Consider this…are we coming to and believing in Jesus?
This weekend we welcome Fr. Andy Garner to our parish. Fr. Andy is a priest in the Diocese of Lexington, Kentucky and is here to speak about our support of the mission work in the poor and underserved areas of our own country.
Each year, every parish in the Diocese is asked to take a special mission collection. This is meant to help remind us that the Catholic Church is much larger than just us here at St. Mary’s. We are part of the universal Catholic Church, which means that we have a responsibility to help others beyond our parish boundaries. Fr. Andy will speak to us about the opportunities we have to make a difference in communities in our own country that depend upon the generosity of parishes like ours to survive. It is important to remember however, that our support of the missions doesn’t mean we are not supported in return. The prayer of those we support helps St. Mary’s as well.
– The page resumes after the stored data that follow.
lemma holo2_second_dz_bounded:
  assumes F: "holo2 U F" and r: "r > 0" and box: "cball a (2 * r) \<times> cball b (2 * r) \<subseteq> U"
  obtains C where "\<And>x y. x \<in> cball a r \<Longrightarrow> y \<in> cball b (2 * r) \<Longrightarrow>
    norm ((deriv ^^ 2) (\<lambda>x. F (x, y)) x) \<le> C"
proof -
  have "compact (F ` (cball a (2 * r) \<times> cball b (2 * r)))"
    using F box by (intro compact_continuous_image compact_Times)
      (auto simp: holo2_def intro: continuous_on_subset)
  then obtain M where M: "\<And>p. p \<in> cball a (2 * r) \<times> cball b (2 * r) \<Longrightarrow> norm (F p) \<le> M"
    by (meson compact_imp_bounded bounded_iff image_eqI)
  have "norm ((deriv ^^ 2) (\<lambda>x. F (x, y)) x) \<le> fact 2 * M / r ^ 2"
    if x: "x \<in> cball a r" and y: "y \<in> cball b (2 * r)" for x y
  proof (rule Cauchy_inequality)
    have "cball x r \<subseteq> cball a (2 * r)"
    proof
      fix t assume "t \<in> cball x r"
      then show "t \<in> cball a (2 * r)" using x dist_triangle[of a t x] by auto
    qed
    then have sub: "cball x r \<subseteq> {x. (x, y) \<in> U}" using box y by auto
    show "continuous_on (cball x r) (\<lambda>x. F (x, y))"
      using holomorphic_on_imp_continuous_on[OF holo2_holomorphic_fst[OF F]] sub
      by (rule continuous_on_subset)
    show "(\<lambda>x. F (x, y)) holomorphic_on ball x r"
      using holo2_holomorphic_fst[OF F] by (rule holomorphic_on_subset) (use sub ball_subset_cball in blast)
    show "norm (F (t, y)) \<le> M" if "norm (x - t) = r" for t
      using M[of "(t, y)"] \<open>cball x r \<subseteq> cball a (2 * r)\<close> that y by (auto simp: dist_norm)
  qed (rule r)
  then show ?thesis by (rule that)
qed

lemma holo2_dz_local_estimates:
  assumes F: "holo2 U F" and ab: "(a, b) \<in> U"
  obtains r C where "r > 0" "cball a r \<times> cball b r \<subseteq> U"
    "\<And>x y. x \<in> cball a r \<Longrightarrow> y \<in> cball b r \<Longrightarrow>
       norm (dz F (x, y) - dz F (a, y)) \<le> C * norm (x - a)"
    "\<And>x y. x \<in> cball a r \<Longrightarrow> y \<in> cball b r \<Longrightarrow>
       norm (F (x, y) - F (a, y) - (x - a) * dz F (a, y)) \<le> C * (norm (x - a))\<^sup>2"
proof -
  obtain s where "s > 0" and s: "cball a s \<times> cball b s \<subseteq> U"
    using cball_Times_subset_open[OF holo2_open[OF F] ab] .
  define r where "r = s / 2"
  have r: "r > 0" and box: "cball a (2 * r) \<times> cball b (2 * r) \<subseteq> U"
    using \<open>s > 0\<close> s by (simp_all add: r_def)
  have box_r: "cball a r \<times> cball b r \<subseteq> U"
    using box r by (auto simp: subset_iff)
  obtain C where C: "\<And>x y. x \<in> cball a r \<Longrightarrow> y \<in> cball b (2 * r) \<Longrightarrow>
      norm ((deriv ^^ 2) (\<lambda>x. F (x, y)) x) \<le> C"
    using holo2_second_dz_bounded[OF F r box] by blast
  have "norm (dz F (x, y) - dz F (a, y)) \<le> C * norm (x - a) \<and>
        norm (F (x, y) - F (a, y) - (x - a) * dz F (a, y)) \<le> C * (norm (x - a))\<^sup>2"
    if x: "x \<in> cball a r" and y: "y \<in> cball b r" for x y
  proof -
    have y': "y \<in> cball b (2 * r)" using y r by auto
    have inU: "(t, y) \<in> U" if "t \<in> cball a r" for t using that box_r y by auto
    show ?thesis
      using bounded_second_derivative_estimates[OF holo2_has_dz[OF F inU] holo2_dz_has_derivative_fst[OF F inU] C[OF _ y'] x]
      by simp
  qed
  then show ?thesis using that r box_r by blast
qed

lemma holo2_dz_uniform_limit:
  assumes F: "holo2 U F" and ab: "(a, b) \<in> U"
  obtains r where "r > 0" "cball a r \<times> cball b r \<subseteq> U"
    "uniform_limit (cball b r) (\<lambda>h y. (F (a + h, y) - F (a, y)) / h) (\<lambda>y. dz F (a, y)) (at 0)"
proof -
  obtain r C where r: "r > 0" and box: "cball a r \<times> cball b r \<subseteq> U"
    and "\<And>x y. x \<in> cball a r \<Longrightarrow> y \<in> cball b r \<Longrightarrow>
       norm (dz F (x, y) - dz F (a, y)) \<le> C * norm (x - a)"
    and taylor: "\<And>x y. x \<in> cball a r \<Longrightarrow> y \<in> cball b r \<Longrightarrow>
       norm (F (x, y) - F (a, y) - (x - a) * dz F (a, y)) \<le> C * (norm (x - a))\<^sup>2"
    using holo2_dz_local_estimates[OF F ab] by blast
  have "uniform_limit (cball b r) (\<lambda>h y. (F (a + h, y) - F (a, y)) / h) (\<lambda>y. dz F (a, y)) (at 0)"
  proof (rule uniform_limitI)
    fix \<epsilon> :: real assume "\<epsilon> > 0"
    have "((\<lambda>h. C * norm h) \<longlongrightarrow> 0) (at (0::complex))"
      by (intro tendsto_mult_right_zero tendsto_norm_zero tendsto_ident_at)
    then have "\<forall>\<^sub>F h in at (0::complex). C * norm h < \<epsilon>"
      using \<open>\<epsilon> > 0\<close> by (rule order_tendstoD(2))
    moreover have "\<forall>\<^sub>F h in at (0::complex). h \<noteq> 0 \<and> norm h < r"
      unfolding eventually_at using r by (intro exI[of _ r]) auto
    ultimately show "\<forall>\<^sub>F h in at 0. \<forall>y\<in>cball b r. dist ((F (a + h, y) - F (a, y)) / h) (dz F (a, y)) < \<epsilon>"
    proof eventually_elim
      case (elim h)
      show ?case
      proof
        fix y assume y: "y \<in> cball b r"
        have "dist ((F (a + h, y) - F (a, y)) / h) (dz F (a, y))
            = norm (F (a + h, y) - F (a, y) - h * dz F (a, y)) / norm h"
          using elim by (simp add: dist_norm norm_divide [symmetric] diff_divide_distrib)
        also have "\<dots> \<le> C * (norm h)\<^sup>2 / norm h"
          using taylor[of "a + h" y] elim y by (intro divide_right_mono) (auto simp: dist_norm)
        also have "\<dots> = C * norm h" using elim by (simp add: power2_eq_square)
        finally show "dist ((F (a + h, y) - F (a, y)) / h) (dz F (a, y)) < \<epsilon>"
          using elim by linarith
      qed
    qed
  qed
  then show ?thesis using that r box by blast
qed

(* The z-difference quotients are holomorphic in w and converge uniformly, so their limit is
   holomorphic in w, with derivative the limit of the w-derivatives of the quotients. *)
lemma holo2_dz_has_derivative_snd:
  assumes F: "holo2 U F" and ab: "(a, b) \<in> U"
  obtains d where "((\<lambda>y. dz F (a, y)) has_field_derivative d) (at b)"
    "((\<lambda>h. (dw F (a + h, b) - dw F (a, b)) / h) \<longlongrightarrow> d) (at 0)"
proof -
  obtain r where r: "r > 0" and box: "cball a r \<times> cball b r \<subseteq> U"
    and lim: "uniform_limit (cball b r) (\<lambda>h y. (F (a + h, y) - F (a, y)) / h) (\<lambda>y. dz F (a, y)) (at 0)"
    by (rule holo2_dz_uniform_limit[OF F ab])
  have "\<forall>\<^sub>F h in at (0::complex). h \<noteq> 0 \<and> norm h < r"
    unfolding eventually_at using r by (intro exI[of _ r]) auto
  then have ev: "\<forall>\<^sub>F h in at 0. continuous_on (cball b r) (\<lambda>y. (F (a + h, y) - F (a, y)) / h) \<and>
      (\<forall>w\<in>ball b r. ((\<lambda>y. (F (a + h, y) - F (a, y)) / h)
         has_field_derivative (dw F (a + h, w) - dw F (a, w)) / h) (at w))"
  proof eventually_elim
    case (elim h)
    have "a + h \<in> cball a r" "a \<in> cball a r" using elim r by (simp_all add: dist_norm)
    then have inU: "(a + h, w) \<in> U" "(a, w) \<in> U" if "w \<in> cball b r" for w
      using box that by blast+
    have D: "((\<lambda>y. (F (a + h, y) - F (a, y)) / h) has_field_derivative (dw F (a + h, w) - dw F (a, w)) / h) (at w)"
      if "w \<in> cball b r" for w
      by (intro DERIV_cdivide DERIV_diff holo2_has_dw[OF F inU(1)] holo2_has_dw[OF F inU(2)] that)
    have "continuous_on (cball b r) (\<lambda>y. (F (a + h, y) - F (a, y)) / h)"
      by (rule DERIV_continuous_on[OF has_field_derivative_at_within[OF D]])
    then show ?case using D by simp
  qed
  show ?thesis
  proof (rule has_complex_derivative_uniform_limit[OF ev lim trivial_limit_at r])
    fix g' assume "\<And>w. w \<in> ball b r \<Longrightarrow> ((\<lambda>y. dz F (a, y)) has_field_derivative g' w) (at w) \<and>
      ((\<lambda>h. (dw F (a + h, w) - dw F (a, w)) / h) \<longlongrightarrow> g' w) (at 0)"
    from this[of b] show ?thesis using that r by auto
  qed
qed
The true fruit of the mission appeal is cooperation in building the Kingdom of God. Please give generously.
This weekend we again hear from John chapter 6. In the coming weeks we will hear how Jesus challenges our faith. Jesus makes three specific points, the first of which can be found in our Gospel today:
“I am the bread of life;
whoever comes to me will never hunger,
and whoever believes in me will never thirst.” (Jn. 6:35)
Jesus is challenging those who are following him. First, they need to come to him. How often do we seek answers from everyone but Jesus? Do we bear our soul, our joys, sorrows, struggles, etc., with everyone but Jesus? We’re reminded that we need to come to Jesus in life. Secondly, we need to believe in Jesus! That means we have to surrender our lives to Jesus, believing that he can save us, redeem us, love us! This means we have to grow in our relationship with Christ, by coming to him with our lives and all that is going on in them. We also need to believe that Jesus can make a difference. By coming and believing Jesus assures us that we will never hunger or thirst. He is saying that our true needs will be met by him. When we approach the altar to receive Jesus in the Eucharist, these are true acts of coming and believing. It is important that our reverence and respect for the Eucharist is visible to support our acts of faith.